HiSTORIC: Troponin I-based risk stratification safely identifies low-risk patients
PARIS — An early rule-out pathway using high-sensitivity cardiac troponin I was able to safely and effectively identify MI in patients with suspected ACS, according to data from the HiSTORIC trial presented at the European Society of Cardiology Congress.
“Adoption of this approach will have major benefits for both patients and health care providers,” Nicholas L. Mills, MD, chair of cardiology, Butler BHF senior clinical research fellow and consultant cardiologist at The University of Edinburgh and principal investigator of the HiSTORIC trial, said during a press conference.
Researchers analyzed data from 32,837 patients (mean age, 61 years; 53% men) who presented to EDs in Scotland with suspected ACS between June 10, 2013 and March 3, 2016. The performance of high-sensitivity cardiac troponin I (Architect Stat, Abbott) was evaluated in patients without myocardial injury at presentation. In the standard care arm, cardiac troponin tests were performed at presentation and at 6 hours or 12 hours after symptom onset.

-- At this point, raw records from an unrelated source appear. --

lemma lyap_form_deriv_rel_field_le:
  fixes p q a mh mv g \<epsilon> \<beta> r x1 x2 z x3 x4 :: real
  assumes "0 < p" "0 < q" "0 < a" "0 < mh" "0 < mv" "0 < \<epsilon>" "0 \<le> \<beta>"
    and "\<epsilon> * p \<le> 1" "\<epsilon> * mv \<le> 1" "4 * ((p + mh)\<^sup>2 / (2 * p) + 2 * mv) * \<epsilon> \<le> 1"
    and "16 * \<beta> * g\<^sup>2 \<le> \<epsilon> * p / 2 * mh" "r \<le> \<epsilon> * p / 256"
    and x_small: "\<bar>x1\<bar> \<le> r" "\<bar>x2\<bar> \<le> r" "\<bar>x3\<bar> \<le> r" "\<bar>x4\<bar> \<le> r"
  shows "lyap_form_deriv p a q mv \<epsilon> \<beta> (x1, x2, z, x3, x4)
           (rel_field p q a mh mv g (x1, x2, z, x3, x4))
           \<le> - (\<epsilon> * p / 64) * (x1\<^sup>2 + x2\<^sup>2 + x3\<^sup>2 + x4\<^sup>2) - \<beta> * mh * z\<^sup>2"
proof -
  define S where "S = x1\<^sup>2 + x2\<^sup>2 + x3\<^sup>2 + x4\<^sup>2"
  have "\<bar>\<epsilon> * mv\<bar> \<le> 1" "\<bar>\<epsilon> * p\<bar> \<le> 1"
    using assms by simp_all
  have "lyap_form_deriv p a q mv \<epsilon> \<beta> (x1, x2, z, x3, x4)
          (rel_field p q a mh mv g (x1, x2, z, x3, x4))
          \<le> - (\<epsilon> * p / 16) * S + 4 * r * S + (- \<beta> * mh * z\<^sup>2 + (\<epsilon> * p / 2 / 16) * x2\<^sup>2)"
    unfolding lyap_form_deriv_rel_field_eq[OF assms(1,2,3,5)] S_def
    using lyap_form_deriv_quadratic_part_le[OF assms(1,2,4,5,6,8,10)]
      lyap_form_deriv_cubic_part_le[OF \<open>\<bar>\<epsilon> * mv\<bar> \<le> 1\<close> \<open>\<bar>\<epsilon> * p\<bar> \<le> 1\<close> x_small]
      lyap_form_deriv_recovered_part_le[OF \<open>0 < mh\<close> \<open>0 \<le> \<beta>\<close> assms(11)]
    by (intro add_mono) simp_all
  also have "\<dots> \<le> - (\<epsilon> * p / 64) * S - \<beta> * mh * z\<^sup>2"
  proof -
    have "4 * r * S \<le> 4 * (\<epsilon> * p / 256) * S" "(\<epsilon> * p / 32) * x2\<^sup>2 \<le> (\<epsilon> * p / 32) * S"
      using assms by (intro mult_right_mono mult_left_mono; simp add: S_def)+
    then show ?thesis
      by (simp add: algebra_simps)
  qed
  finally show ?thesis
    unfolding S_def .
qed

lemma lyap_form_decreases_near_0:
  fixes p q a mh mv g :: real
  assumes "0 < p" "0 < q" "0 < a" "0 < mh" "0 < mv"
  obtains \<epsilon> \<beta> r c where "0 < \<epsilon>" "\<epsilon> \<le> 1 / p" "\<epsilon> \<le> 1 / mv" "0 < \<beta>" "0 < r" "0 < c"
    and "\<And>w. norm w < r \<Longrightarrow>
           lyap_form_deriv p a q mv \<epsilon> \<beta> w (rel_field p q a mh mv g w) \<le> - c * (norm w)\<^sup>2"
proof -
  define K where "K = (p + mh)\<^sup>2 / (2 * p) + 2 * mv"
  define \<epsilon> where "\<epsilon> = 1 / (4 * K + p)"
  define \<beta> where "\<beta> = \<epsilon> * p * mh / (32 * (g\<^sup>2 + 1))"
  define r where "r = \<epsilon> * p / 256"
  define c where "c = min (\<epsilon> * p / 64) (\<beta> * mh)"
  have "2 * mv \<le> K"
    using \<open>0 < p\<close> by (simp add: K_def)
  then have "0 < 4 * K + p" "0 < \<epsilon>"
    using assms by (simp_all add: \<epsilon>_def)
  then have \<epsilon>_small: "\<epsilon> * p \<le> 1" "4 * K * \<epsilon> \<le> 1" "\<epsilon> * (8 * mv) \<le> 1"
    using \<open>2 * mv \<le> K\<close> assms by (simp_all add: \<epsilon>_def field_simps)
  have "0 < g\<^sup>2 + 1"
    by (simp add: add_nonneg_pos)
  then have "0 < \<beta>"
    unfolding \<beta>_def using assms \<open>0 < \<epsilon>\<close> by (intro divide_pos_pos mult_pos_pos) auto
  have "16 * \<beta> * g\<^sup>2 = (\<epsilon> * p / 2 * mh) * (g\<^sup>2 / (g\<^sup>2 + 1))"
    using \<open>0 < g\<^sup>2 + 1\<close> by (simp add: \<beta>_def field_simps)
  also have "\<dots> \<le> \<epsilon> * p / 2 * mh"
    using assms \<open>0 < \<epsilon>\<close> \<open>0 < g\<^sup>2 + 1\<close> by (intro mult_left_le) simp_all
  finally have \<beta>_small: "16 * \<beta> * g\<^sup>2 \<le> \<epsilon> * p / 2 * mh" .
  show thesis
  proof (rule that[of \<epsilon> \<beta> r c])
    show "0 < \<epsilon>" "0 < \<beta>" "0 < r" "0 < c"
      using assms \<open>0 < \<epsilon>\<close> \<open>0 < \<beta>\<close> by (simp_all add: r_def c_def)
    show "\<epsilon> \<le> 1 / p" "\<epsilon> \<le> 1 / mv"
      using \<epsilon>_small assms by (simp_all add: field_simps)
  next
    fix w :: state assume "norm w < r"
    obtain x1 x2 z x3 x4 where w: "w = (x1, x2, z, x3, x4)"
      by (cases w) auto
    have "x1\<^sup>2 \<le> (norm w)\<^sup>2" "x2\<^sup>2 \<le> (norm w)\<^sup>2" "x3\<^sup>2 \<le> (norm w)\<^sup>2" "x4\<^sup>2 \<le> (norm w)\<^sup>2"
      unfolding w power2_norm_state by simp_all
    then have "\<bar>x1\<bar> \<le> norm w" "\<bar>x2\<bar> \<le> norm w" "\<bar>x3\<bar> \<le> norm w" "\<bar>x4\<bar> \<le> norm w"
      by (metis abs_le_square_iff abs_norm_cancel)+
    then have "\<bar>x1\<bar> \<le> r" "\<bar>x2\<bar> \<le> r" "\<bar>x3\<bar> \<le> r" "\<bar>x4\<bar> \<le> r"
      using \<open>norm w < r\<close> by linarith+
    then have "lyap_form_deriv p a q mv \<epsilon> \<beta> w (rel_field p q a mh mv g w)
                 \<le> - (\<epsilon> * p / 64) * (x1\<^sup>2 + x2\<^sup>2 + x3\<^sup>2 + x4\<^sup>2) - \<beta> * mh * z\<^sup>2"
      unfolding w using assms \<open>0 < \<epsilon>\<close> \<open>0 < \<beta>\<close> \<epsilon>_small \<beta>_small
      by (intro lyap_form_deriv_rel_field_le[where r = r]) (simp_all add: K_def r_def)
    also have "\<dots> \<le> - c * (norm w)\<^sup>2"
    proof -
      have "c * (x1\<^sup>2 + x2\<^sup>2 + x3\<^sup>2 + x4\<^sup>2) \<le> (\<epsilon> * p / 64) * (x1\<^sup>2 + x2\<^sup>2 + x3\<^sup>2 + x4\<^sup>2)"
        "c * z\<^sup>2 \<le> (\<beta> * mh) * z\<^sup>2"
        by (intro mult_right_mono; simp add: c_def)+
      then show ?thesis
        by (simp add: w power2_norm_state algebra_simps)
    qed
    finally show "lyap_form_deriv p a q mv \<epsilon> \<beta> w (rel_field p q a mh mv g w)
                    \<le> - c * (norm w)\<^sup>2" .
  qed
qed

lemma quadratic_Lyapunov_coords_imp_loc_asym_stable:
  fixes f :: "'a::real_normed_vector \<Rightarrow> 'a" and \<phi> :: "'a \<Rightarrow> 'b::real_normed_vector"
    and Q :: "'b \<Rightarrow> real"
  assumes "f e = 0"
    and \<phi>_deriv: "\<And>y. (\<phi> has_derivative \<phi>') (at y)"
    and Q_deriv: "\<And>w. (Q has_derivative DQ w) (at w)"
    and \<phi>_lower: "\<And>y. kl * (norm (\<phi> y))\<^sup>2 \<le> (dist y e)\<^sup>2"
    and \<phi>_upper: "\<And>y. (dist y e)\<^sup>2 \<le> kh * (norm (\<phi> y))\<^sup>2"
    and Q_lower: "\<And>w. m * (norm w)\<^sup>2 \<le> Q w"
    and Q_upper: "\<And>w. Q w \<le> M * (norm w)\<^sup>2"
    and decr: "\<And>y. norm (\<phi> y) < r \<Longrightarrow> DQ (\<phi> y) (\<phi>' (f y)) \<le> - c * (norm (\<phi> y))\<^sup>2"
    and "0 < kl" "0 < kh" "0 < m" "0 < M" "0 < r" "0 < c"
  shows "loc_asym_stable f e"
proof -
  define V where "V y = Q (\<phi> y)" for y
  define DV where "DV y h = DQ (\<phi> y) (\<phi>' h)" for y h
  have V_deriv: "(V has_derivative DV y) (at y)" for y
    unfolding V_def[abs_def] DV_def by (rule has_derivative_compose[OF \<phi>_deriv Q_deriv])
  show ?thesis
  proof (rule quadratic_Lyapunov_imp_loc_asym_stable
      [where f = f and e = e and V = V and DV = DV, OF \<open>f e = 0\<close> V_deriv])
    show "m / kh * (dist y e)\<^sup>2 \<le> V y" for y
      using mult_left_mono[OF \<phi>_upper[of y], of "m / kh"] Q_lower[of "\<phi> y"] \<open>0 < m\<close> \<open>0 < kh\<close>
      by (simp add: V_def)
    show "V y \<le> M / kl * (dist y e)\<^sup>2" for y
      using mult_left_mono[OF \<phi>_lower[of y], of "M / kl"] Q_upper[of "\<phi> y"] \<open>0 < M\<close> \<open>0 < kl\<close>
      by (simp add: V_def)
    show "DV y (f y) \<le> - (c / M) * V y" if "dist y e < r * sqrt kl" for y
    proof -
      have "(dist y e)\<^sup>2 < (r * sqrt kl)\<^sup>2"
        using that by (intro power_strict_mono) auto
      moreover have "(r * sqrt kl)\<^sup>2 = kl * r\<^sup>2"
        using \<open>0 < kl\<close> by (simp add: power_mult_distrib)
      ultimately have "kl * (norm (\<phi> y))\<^sup>2 < kl * r\<^sup>2"
        using \<phi>_lower[of y] by linarith
      then have "norm (\<phi> y) < r"
        using \<open>0 < kl\<close> \<open>0 < r\<close> by (simp add: power_less_imp_less_base)
      then have "DV y (f y) \<le> - c * (norm (\<phi> y))\<^sup>2"
        unfolding DV_def by (rule decr)
      also have "\<dots> \<le> - (c / M) * V y"
        using mult_left_mono[OF Q_upper[of "\<phi> y"], of "c / M"] \<open>0 < c\<close> \<open>0 < M\<close>
        by (simp add: V_def)
      finally show ?thesis .
    qed
  qed (use \<open>0 < m\<close> \<open>0 < M\<close> \<open>0 < kl\<close> \<open>0 < kh\<close> \<open>0 < r\<close> \<open>0 < c\<close> in auto)
qed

“The early rule-out pathway incorporates a single high-sensitivity cardiac troponin concentration at presentation,” Mills said during the press conference. “Unlike the guideline approach, we use a separate threshold to risk stratify and to diagnose patients.”
Patients were considered low risk if they had a high-sensitivity cardiac troponin I level less than 5 ng/L, intermediate risk if they had 5 ng/L to the 99th centile and high-risk if they had levels greater than the sex-specific 99th centile.

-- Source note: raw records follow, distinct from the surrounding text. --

lemma carrier_eq_A_of_h_in_A:
  assumes "h \<in> A"
  shows "carrier K = A"
proof
  show "carrier K \<subseteq> A"
  proof
    fix g assume "g \<in> carrier K"
    then obtain a j where a: "a \<in> A" and g: "g = a \<otimes>\<^bsub>K\<^esub> hpow j" using decomp by blast
    have "hpow j \<in> A"
      using assms
      by (induction j)
        (auto intro: subgroup.m_closed[OF A_subgroup] subgroup.one_closed[OF A_subgroup])
    then show "g \<in> A" using g a subgroup.m_closed[OF A_subgroup] by simp
  qed
qed (rule subgroup.subset[OF A_subgroup])

lemma card_res_kernel_bound:
  "card res_kernel \<le> card (carrier M) ^ card free_args *
    (card (cocycles1 KA M act) * card (invariants K M act))"
  using card_res_kernel_le card_comm_data_le by (meson le_trans mult_le_mono2)

lemma card_H2_le: "card (H2 K M act) \<le> card (H2 KA M act) * card (H1 K M act)"
proof (cases "h \<in> A")
  case True
  then have "KA = K" using carrier_eq_A_of_h_in_A by simp
  then show ?thesis using card_H1_pos[OF finite_K finite_M] by simp
next
  case False
  have fA: "finite (carrier KA)" using finite_A by simp
  let ?m = "card (carrier M)"
  have c1: "card (H2 K M act) * card (coboundaries2 K M act) = card (cocycles2 K M act)"
    using card_H2_mult_card_coboundaries2[OF finite_K finite_M] .
  have c2: "card (H2 KA M act) * card (coboundaries2 KA M act) = card (cocycles2 KA M act)"
    using KA.card_H2_mult_card_coboundaries2[OF fA finite_M] .
  have c3: "card (coboundaries2 KA M act) * card (cocycles1 KA M act) = ?m ^ card A"
    using KA.card_coboundaries2[OF fA finite_M] by simp
  have c4: "card (coboundaries2 K M act) * card (cocycles1 K M act) = ?m ^ card (carrier K)"
    using card_coboundaries2[OF finite_K finite_M] .
  have c5: "card (H1 K M act) * card (coboundaries1 K M act) = card (cocycles1 K M act)"
    using card_H1_mult_card_coboundaries1[OF finite_K finite_M] .
  have c6: "card (coboundaries1 K M act) * card (invariants K M act) = ?m"
    using card_coboundaries1[OF finite_M] .
  have c7: "card free_args + card A + 1 = card (carrier K)" using card_free_args[OF False] .
  have "card (H2 K M act) * ?m ^ card (carrier K)
      = card (cocycles2 K M act) * card (cocycles1 K M act)"
    using c1 c4 by (metis mult.assoc)
  also have "\<dots> \<le> (card (cocycles2 KA M act) * card res_kernel) * card (cocycles1 K M act)"
    using card_cocycles2_le by simp
  also have "\<dots> \<le> (card (cocycles2 KA M act)
      * (?m ^ card free_args * (card (cocycles1 KA M act) * card (invariants K M act))))
      * card (cocycles1 K M act)"
    using card_res_kernel_bound by simp
  also have "\<dots> = card (H2 KA M act) * card (H1 K M act) *
      ((card (coboundaries2 KA M act) * card (cocycles1 KA M act)) * ?m ^ card free_args *
       (card (coboundaries1 K M act) * card (invariants K M act)))"
    unfolding c2[symmetric] c5[symmetric] by (simp add: ac_simps)
  also have "\<dots> = card (H2 KA M act) * card (H1 K M act) * ?m ^ card (carrier K)"
    unfolding c3 c6 c7[symmetric] by (simp add: power_add ac_simps)
  finally have "card (H2 K M act) * ?m ^ card (carrier K)
      \<le> card (H2 KA M act) * card (H1 K M act) * ?m ^ card (carrier K)" .
  moreover have "0 < ?m ^ card (carrier K)" using finite_M M.one_closed
    by (metis card_gt_0_iff empty_iff zero_less_power)
  ultimately show ?thesis using mult_le_cancel2 by blast
qed

end

section \<open>Adjoining the generators one at a time\<close>

lemma (in group) subgroup_nat_pow_closed: "subgroup H G \<Longrightarrow> x \<in> H \<Longrightarrow> x [^] (n::nat) \<in> H"
  by (induction n) (auto intro: subgroup.m_closed subgroup.one_closed)

lemma (in group) inv_eq_pow_ord_minus_1:
  assumes "finite (carrier G)" "h \<in> carrier G"
  shows "inv h = h [^] (ord h - 1)"
proof -
  have "h [^] (ord h - 1) \<otimes> h = h [^] ord h"
    using ord_ge_1[OF assms] assms(2) nat_pow_Suc[of h "ord h - 1"] by simp
  then show ?thesis using assms(2) by (metis inv_equality nat_pow_closed pow_ord_eq_1)
qed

The primary safety outcome was type 1 or type 4b MI at index presentation, or subsequent type 1 or type 4b MI or cardiac death within 30 days of the initial presentation. The secondary safety outcome was defined as cardiac death or subsequent type 1 or 4b MI at 12 months.
The use of the early rule-out pathway reduced the length of stay by 3.3 hours compared with the standard care pathway. This also increased ED discharge by 57%.
“Overall, three-quarters of the patients were triaged to outpatient assessment within the implementation phase of the trial,” Mills said during the press conference.
Researchers were unable to conclude noninferiority at a margin of 0.5% at 30 days (adjusted risk difference, 0.02% to 0.7%) with regards to the primary safety endpoint of MI or cardiac death. However, there was no evidence of adverse cardiac events at 1 year (adjusted OR = 1.02; 95% CI, 0.74-1.4).
“We were able to conclude that discharging more patients from hospital was not associated with adverse outcomes,” Mills said during the press conference.
This study has the potential to help shift the clinician’s focus on who should receive immediate care.
“This helps clinicians to focus on the highest-risk patients,” Mills said during the Q&A portion of the press conference. “There are a lot of practical reasons why this is the way we treat our patients with acute chest pain. It is the most common presentation to hospital worldwide, with 20 million presentations in the U.S. alone every year. If we can make an evaluation that is safe with a single test on presentation to hospital, avoiding hospital admission and all the downstream investigation..., then the cost savings of this single test when used effectively could be absolutely enormous.” – by Darlene Dobkowski
Mills NL, et al. Hot Line 2. Presented at: European Society of Cardiology Congress; Aug. 31-Sept. 4, 2019; Paris.
Disclosures: The trial was funded by the British Heart Foundation. Mills reports he has research contracts with Abbott Diagnostics and Siemens Healthineers.
Editor's Note: This article was modified on Sept. 2, 2019 to reflect an update to the data.